2018年シーズンは早くも30試合前後を消化。それぞれ好不調の波はあるが、現時点での各チームにおける「不安=穴」と「希望=光」が見えつつある。セ・リーグ後編の今回は、巨人、中日、ヤクルトの「光」と「穴」をチェックしてみたい。
シーズン序盤は陽岱鋼の死球による戦線離脱、一発が出ないゲレーロ、菅野智之や田口麗斗の乱調など、まさかの「穴」だらけだった巨人。
しかし、4月20日から30日までの8連勝でチーム状態は一気に好転。とくに打線で「光」が目立ってきた。
4月14日の広島戦で、ジョンソンから放ったレフトへの一発をきっかけに、そこから7本塁打をマークしているゲレーロ。打率も3割台をキープしており、4番の務めをしっかり果たしている。

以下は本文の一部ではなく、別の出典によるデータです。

(* Consider the following $N$-atom clock estimation problem. Let $Q$ be the $(N+1)$-dimensional Hilbert space with orthonormal basis $|0\rangle,\dots,|N\rangle$, let $J_z|k\rangle=(k-N/2)|k\rangle$, and for $\omega\in\mathbb{R}$ let $\Omega(\omega)=e^{-iJ_z\omega}$. A $t_f$-query algorithm $\mathcal{Q}$ consists of a finite-dimensional ancilla system $A$, an initial state $\rho(0)$ on $Q\otimes A$, unitaries $U(1),\dots,U(t_f)$ on $Q\otimes A$, a POVM $\{P_a\}_a$ on $Q\otimes A$ with finitely many outcomes, and a real frequency estimate $f_a$ assigned to each outcome $a$. Given $\omega$, the final state is $\rho_\omega(t_f)=\Omega(\omega)U(t_f)\cdots\Omega(\omega)U(1)\,\rho(0)\,U(1)^\dagger\Omega(\omega)^\dagger\cdots U(t_f)^\dagger\Omega(\omega)^\dagger$ (with $\Omega(\omega)$ acting on $Q$ only), and $q(a|\omega,\mathcal{Q})=\mathrm{tr}(P_a\rho_\omega(t_f))$. For a probability density $p$ on $\mathbb{R}$ (the prior) and a cost function $C:\mathbb{R}\to\mathbb{R}$, the expected cost of $\mathcal{Q}$ is $\sum_a\int C(\omega-f_a)\,q(a|\omega,\mathcal{Q})\,p(\omega)\,d\omega$, and for a set $F\subseteq\mathbb{R}$, $S_C(p,F)$ denotes the infimum of the expected cost over all $t_f$-query algorithms whose estimates $f_a$ all lie in $F$. Let $C$ be twice differentiable and non-negative with $C''(x)\leq b$ for all $x$, $C(0)=0$, and $C$ monotone on $[0,\infty)$ and on $(-\infty,0]$. Let $F=\{f_1,\dots,f_n\}$ with $f_1<f_2<\dots<f_n$, and define $M(\omega)=C(\omega-f_1)$ for $\omega\leq f_1$, $M(\omega)=C(\omega-f_n)$ for $\omega\geq f_n$, and $M(\omega)=0$ otherwise. Then $$S_C(p,F)-S_C(p,\mathbb{R})\leq \max_j \frac{b}{8}(f_{j+1}-f_j)^2+\int M(\omega)p(\omega)\,d\omega.$$ *)

theory Defs
  imports "HOL-Analysis.Analysis"
begin
definition antiautomorphism :: "nat \<Rightarrow> ('a::field mat \<Rightarrow> 'a mat) \<Rightarrow> bool" where
  "antiautomorphism n g \<longleftrightarrow>
     bij_betw g (carrier_mat n n) (carrier_mat n n) \<and>
     (\<forall>X\<in>carrier_mat n n. \<forall>Y\<in>carrier_mat n n. g (X + Y) = g X + g Y) \<and>
     (\<forall>c. \<forall>X\<in>carrier_mat n n. g (c \<cdot>\<^sub>m X) = c \<cdot>\<^sub>m g X) \<and>
     (\<forall>X\<in>carrier_mat n n. \<forall>Y\<in>carrier_mat n n. g (X * Y) = g Y * g X)"

end

theory Submission
  imports Defs
begin

(* In a basis in which A is an irreducible tridiagonal matrix T and A* is diagonal, the diagonal
   matrix M with M(i+1,i+1) / M(i,i) = T(i+1,i) / T(i,i+1) satisfies M T^T = T M and commutes with
   every diagonal matrix. Transported back to the original basis it gives a symmetric invertible R
   with R A^T = A R and R A*^T = A* R, and X |-> R X^T R^-1 is an involutive antiautomorphism
   fixing A and A*.

   For uniqueness it suffices that A and A* generate the whole matrix algebra. An eigenvector of
   an irreducible tridiagonal matrix is determined by its first entry, so its eigenspaces are
   lines; since A* is irreducible tridiagonal in some basis, the diagonal form D of A* has distinct
   entries. Hence every matrix unit E(i,i) is a polynomial in D (Lagrange interpolation),
   E(i,i+1) and E(i+1,i) are multiples of E(i,i) T E(i+1,i+1) and E(i+1,i+1) T E(i,i), and their
   products give all E(i,j). *)

lemma transpose_smult_mat: "(c \<cdot>\<^sub>m X)\<^sup>T = c \<cdot>\<^sub>m X\<^sup>T"
  by (intro eq_matI) auto

lemma inverse_mult_cancel_left:
  fixes A B C :: "'a::semiring_1 mat"
  assumes "A \<in> carrier_mat n n" "B \<in> carrier_mat n n" "C \<in> carrier_mat n m" "A * B = 1\<^sub>m n"
  shows "A * (B * C) = C"
  using assms by (simp flip: assoc_mult_mat[of A n n B n C m])

lemma conj_mult_cancel:
  fixes P Q X :: "'a::semiring_1 mat"
  assumes "P \<in> carrier_mat n n" "Q \<in> carrier_mat n n" "X \<in> carrier_mat n n" "P * Q = 1\<^sub>m n"
  shows "P * (Q * X * P) * Q = X"
  using assms by (simp add: assoc_mult_mat[of _ n n _ n _ n] inverse_mult_cancel_left[of P n Q _ n])

lemma transpose_mat_diag [simp]: "(mat_diag n f)\<^sup>T = mat_diag n f"
  by (intro eq_matI) (auto simp: mat_diag_def)

lemma mat_diag_mult_mat_diag_inverse:
  fixes f :: "nat \<Rightarrow> 'a::field"
  assumes "\<And>i. i < n \<Longrightarrow> f i \<noteq> 0"
  shows "mat_diag n f * mat_diag n (\<lambda>i. 1 / f i) = 1\<^sub>m n"
    and "mat_diag n (\<lambda>i. 1 / f i) * mat_diag n f = 1\<^sub>m n"
  unfolding mat_diag_diag using assms by (auto simp: mat_diag_def intro!: eq_matI)

lemma diagonal_mat_eq_mat_diag:
  assumes "D \<in> carrier_mat n n" "diagonal_mat D"
  shows "D = mat_diag n (\<lambda>i. D $$ (i, i))"
  using assms by (intro eq_matI) (auto simp: mat_diag_def diagonal_mat_def)

lemma diagonal_mat_mult_vec:
  fixes D :: "'a::semiring_1 mat"
  assumes D: "D \<in> carrier_mat n n" "diagonal_mat D" and v: "v \<in> carrier_vec n"
  shows "D *\<^sub>v v = vec n (\<lambda>k. D $$ (k, k) * v $ k)"
proof (rule eq_vecI)
  fix i assume "i < dim_vec (vec n (\<lambda>k. D $$ (k, k) * v $ k))"
  then have i: "i < n" by simp
  have "(D *\<^sub>v v) $ i = (\<Sum>l\<in>{0..<n}. D $$ (i, l) * v $ l)"
    using D v i by (simp add: scalar_prod_def)
  also have "\<dots> = (\<Sum>l\<in>{0..<n}. if l = i then D $$ (i, i) * v $ i else 0)"
    using D i unfolding diagonal_mat_def by (intro sum.cong) auto
  finally show "(D *\<^sub>v v) $ i = vec n (\<lambda>k. D $$ (k, k) * v $ k) $ i"
    using i by simp
qed (use D in auto)

definition mat_unit :: "nat \<Rightarrow> nat \<Rightarrow> nat \<Rightarrow> 'a::{zero,one} mat" where
  "mat_unit n i j = mat n n (\<lambda>(k, l). if k = i \<and> l = j then 1 else 0)"

lemma mat_unit_carrier [simp]: "mat_unit n i j \<in> carrier_mat n n"
  by (simp add: mat_unit_def)

lemma mat_unit_mult_mat_unit:
  assumes "j < n"
  shows "mat_unit n i j * mat_unit n j k = (mat_unit n i k :: 'a::semiring_1 mat)"
  using assms by (intro eq_matI) (auto simp: mat_unit_def scalar_prod_def if_distrib[of "\<lambda>x. x * _"] cong: if_cong)

lemma mat_diag_indicator_eq_mat_unit: "mat_diag n (\<lambda>l. if l = i then 1 else 0) = mat_unit n i i"
  by (intro eq_matI) (auto simp: mat_diag_def mat_unit_def)

lemma mat_unit_mult_mult_mat_unit:
  fixes X :: "'a::semiring_1 mat"
  assumes "X \<in> carrier_mat n n"
  shows "mat_unit n i i * X * mat_unit n j j = X $$ (i, j) \<cdot>\<^sub>m mat_unit n i j"
  unfolding mat_diag_indicator_eq_mat_unit[symmetric] using assms
  by (subst mat_diag_mult_left[of _ n n], simp, subst mat_diag_mult_right[of _ n n], simp)
    (intro eq_matI, auto simp: mat_diag_def mat_unit_def)

inductive_set mat_alg_generate :: "nat \<Rightarrow> 'a::comm_ring_1 mat \<Rightarrow> 'a mat \<Rightarrow> 'a mat set"
  for n A B where
  one: "1\<^sub>m n \<in> mat_alg_generate n A B"
| gen_A: "A \<in> mat_alg_generate n A B"
| gen_B: "B \<in> mat_alg_generate n A B"
| add: "X \<in> mat_alg_generate n A B \<Longrightarrow> Y \<in> mat_alg_generate n A B \<Longrightarrow> X + Y \<in> mat_alg_generate n A B"
| smult: "X \<in> mat_alg_generate n A B \<Longrightarrow> c \<cdot>\<^sub>m X \<in> mat_alg_generate n A B"
| mult: "X \<in> mat_alg_generate n A B \<Longrightarrow> Y \<in> mat_alg_generate n A B \<Longrightarrow> X * Y \<in> mat_alg_generate n A B"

そして、大方の予想を上回る覚醒で驚かせ、3割を楽に超える打率をマークする小林誠司と岡本和真の活躍も見逃せない。ここ2年、2割そこそこの打率しか残せていなかった小林、大器と謳われつつ昨季までは殻を破れなかった岡本がこのまま打ち続けるようだと、他球団にとって脅威だ。昨季、リーグ4位に終わったチーム得点は、5月7日の時点で1位と、その効果は数字に現れている。
投手陣も本来のペースを取り戻してきており、巨人の好調はまだまだ続きそう。11年ぶりのBクラス(4位)に終わった昨季だったが、Aクラス復帰の可能性が高まっている。
中日の「光」といえば、松坂大輔だろう。4月5日の巨人戦に初登板すると5回3失点(自責2)、19日の阪神戦は7回2失点(自責1)と粘りのピッチングを見せた。いずれも打線の援護がなく敗戦投手となってしまったが、3試合目となった30日のDeNA戦は、6回1失点(自責1)で待望の日本球界復帰後初勝利を記録した。
規定投球回には到達していないが、防御率は2.00。中日の先発投手陣の中では、ここまで6試合に登板し3勝を挙げているガルシアに次ぐ安定感と言っていい。
ストレートの最速は147キロをマークするなど、腕がしっかり振れており、ソフトバンク時代に悩まされ続けた肩の不安は見られない。現状は、大事を取って、先発するごとに一度登録抹消し、しっかりと間隔をあけて次回の登板に備える、という調整をしている。ただ、5月のパフォーマンスや肩の状態次第では、ローテーション入りの可能性も出てきそうだ。
また、打撃ではアルモンテとモヤも「光」だ。アルモンテは開幕から主に「3番・左翼」で出場し、打率.353のハイアベレージを誇っている。一方のモヤは4月20日に1軍登録され、そこから5月5日までの13試合で打率.385をマーク。この2人の活躍が、日本人選手のパフォーマンスアップを引き出すようだと中日の一気の浮上もありえる。
(※外国人の1軍登録枠の関係で、モヤは6日に出場登録を抹消されている)
シーズン序盤は奮闘していたヤクルト。しかし、4月18日に広島に敗れ、借金生活に突入すると最下位まで一気に転落。交流戦までに2ケタの借金を抱えそうな雰囲気だ。このままだと、ヤクルトファンは「バレンティンと山田哲人の一発だけが楽しみ」という寂しいシーズンになりかねない。
昨年、満足に働けなかった川端慎吾や畠山和洋、雄平の故障が癒え、さらに青木宣親がメジャーから帰還。打線はかなりの破壊力が想定されたが、川端は打率1割台、畠山は2軍落ち、青木も2割台中盤と期待通りの活躍ができていないのが実情。さらに、4点台中盤の防御率を記録しているように、投手陣も打ち込まれている。
その中で「光」を見出すなら、投手ではブキャナンか。昨季は6勝13敗と大きく負け越したが、今季は5月4日までの6試合をすべて自責点2以下に抑え、3勝1敗、防御率1.43。先発投手の中で孤軍奮闘の活躍を見せている。
打撃では西浦直亨の成長が頼もしい。入団以来、過去4年間で3割を超えたことは一度もなかったが、5月初旬で打率.315。その後は.299と3割を切ったが、規定打席到達ならベストテン入りを狙える結果を出している。